Tesla’s stock skidded as much as 15% on Thursday amid signs of weak sales in China due to a softening economy and the still-spreading coronavirus.

The electric carmaker’s shares fell to as low as $669.02 during morning trading, before slightly recovering. Its shares closed at $679, down nearly 13%.

Tesla had promised aggressive growth in China this year, but all signals point otherwise. China’s state-run Automotive Information Net has reported that registrations of new Tesla cars were down 46% between December and January, to 3,563 vehicles.

Meanwhile, Chinese EV sales dropped a steep 34.6% in the fourth quarter of 2019, investment bank Cowen said in an early February report.

Those declines may not be strongly linked to coronavirus: Chinese authorities didn’t report the first cases to the World Health Organization until December 31. China has been in a mild overall slowdown, with economic growth declining in 2019 to 6.1%, from 6.5% in 2018.

But coronavirus does appear to have sharply accelerated the broader trend. Overall car sales in China declined a staggering 92% in the first two weeks of February, according to Bloomberg. Tesla blamed coronavirus for a two-week closure of its new Shanghai factory.

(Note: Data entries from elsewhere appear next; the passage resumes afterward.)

(* Let $r\in(0,\infty)$, $k\ge1$ an integer, $p\in[1,\infty]$, and $u\in L_p([0,r])$. Assume that $D^ku=f_0+Df_1+\dots+D^{k-1}f_{k-1}$ in $(0,r)$ in the sense of distributions, where $f_j\in L_1([0,r])$ for $j=0,\dots,k-2$ and $f_{k-1}\in L_p([0,r])$. Then $Du\in L_p([0,r])$ and $$\|Du\|_{L_p([0,r])}\le N\|u\|_{L_1([0,r])}+N\|f_{k-1}\|_{L_p([0,r])}+N\sum_{j=0}^{k-2}\|f_j\|_{L_1([0,r])},$$ where $N=N(k,r)>0$.
   Context: $D$ denotes the derivative on the real line (in the distributional sense). *)

theory Defs
  imports "HOL-Analysis.Analysis" "HOL-Probability.Essential_Supremum"
begin

text \<open>Exponent p ranges over [1,\<infinity>], modelled as an ennreal with p \<ge> 1.
  The measure space is Lebesgue measure on [0,r].\<close>

definition memLp :: "ennreal \<Rightarrow> real \<Rightarrow> (real \<Rightarrow> real) \<Rightarrow> bool" where
  "memLp p r f \<longleftrightarrow> f \<in> borel_measurable (lebesgue_on {0..r}) \<and>
     (if p = \<infinity> then (\<exists>C. AE x in lebesgue_on {0..r}. \<bar>f x\<bar> \<le> C)
      else integrable (lebesgue_on {0..r}) (\<lambda>x. \<bar>f x\<bar> powr enn2real p))"

definition Lp_norm :: "ennreal \<Rightarrow> real \<Rightarrow> (real \<Rightarrow> real) \<Rightarrow> real" where
  "Lp_norm p r f =
     (if p = \<infinity> then real_of_ereal (esssup (lebesgue_on {0..r}) (\<lambda>x. ereal \<bar>f x\<bar>))
      else (LINT x|lebesgue_on {0..r}. \<bar>f x\<bar> powr enn2real p) powr (1 / enn2real p))"

text \<open>Test functions C_c^\<infinity>((0,r)): smooth on the real line, with support in a
  compact subinterval [a,b] of (0,r).\<close>

definition test_fun :: "real \<Rightarrow> (real \<Rightarrow> real) \<Rightarrow> bool" where
  "test_fun r \<phi> \<longleftrightarrow> (\<forall>n x. ((deriv ^^ n) \<phi>) differentiable (at x)) \<and>
     (\<exists>a b. 0 < a \<and> b < r \<and> (\<forall>x. x \<notin> {a..b} \<longrightarrow> \<phi> x = 0))"

end

theory Submission
  imports Defs
begin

Tesla’s disappointing China numbers come at a particularly sensitive time for its stock, which soared nearly 260% between late October and its peak on February 19. Tesla is now valued at more than $127 billion, far more than competitors like Ford and GM, which sell far more vehicles and, unlike Tesla, are consistently profitable.

That means investors expect Tesla to grow quickly to justify its high-flying stock price. And China, which makes up more than half of the global EV market, has been central to that imperative.

 “The [Tesla Shanghai Gigafactory] was expected to be the growth engine prior to the coronavirus outbreak,” Cowen analyst Jeffrey Osborne told Fortune. “Now with factory shutdowns and consumers cautious on spending as recent car registration data suggests, there is heightened investor concern around broader auto demand trends in China.”

Related coronavirus fears have helped send the broader stock market into a correction, with the Dow Jones Industrial Average down 7.7% since February 19. Tesla stock is now off 23% for the same period.

For Tesla’s critics, though, today’s slump is a welcome dose of sanity for a stock driven by hype.

“Tesla’s stock has been completely decoupled from any iota of reality since the $300s in December,” said Mark Spiegel, a longtime Tesla critic and short-seller. “It’s difficult to assign a specific rational cause to the deflation of a bubble, as it wasn’t rationality that inflated it in the first place – it was mania.”

Still, Tesla’s stock remains up more than 180% since its rally began in late October.

More must-read stories from Fortune:

—We subscribe to meals and TV shows. What about cars?
—Tesla’s growth problem—by the numbers
—Who is Luca de Meo, Renault’s new CEO?
—Can Tesla keep growing without critical tax incentives?
—How Renault is navigating disruption in the auto industry

Follow Fortune on Flipboard to stay up-to-date on the latest news and analysis.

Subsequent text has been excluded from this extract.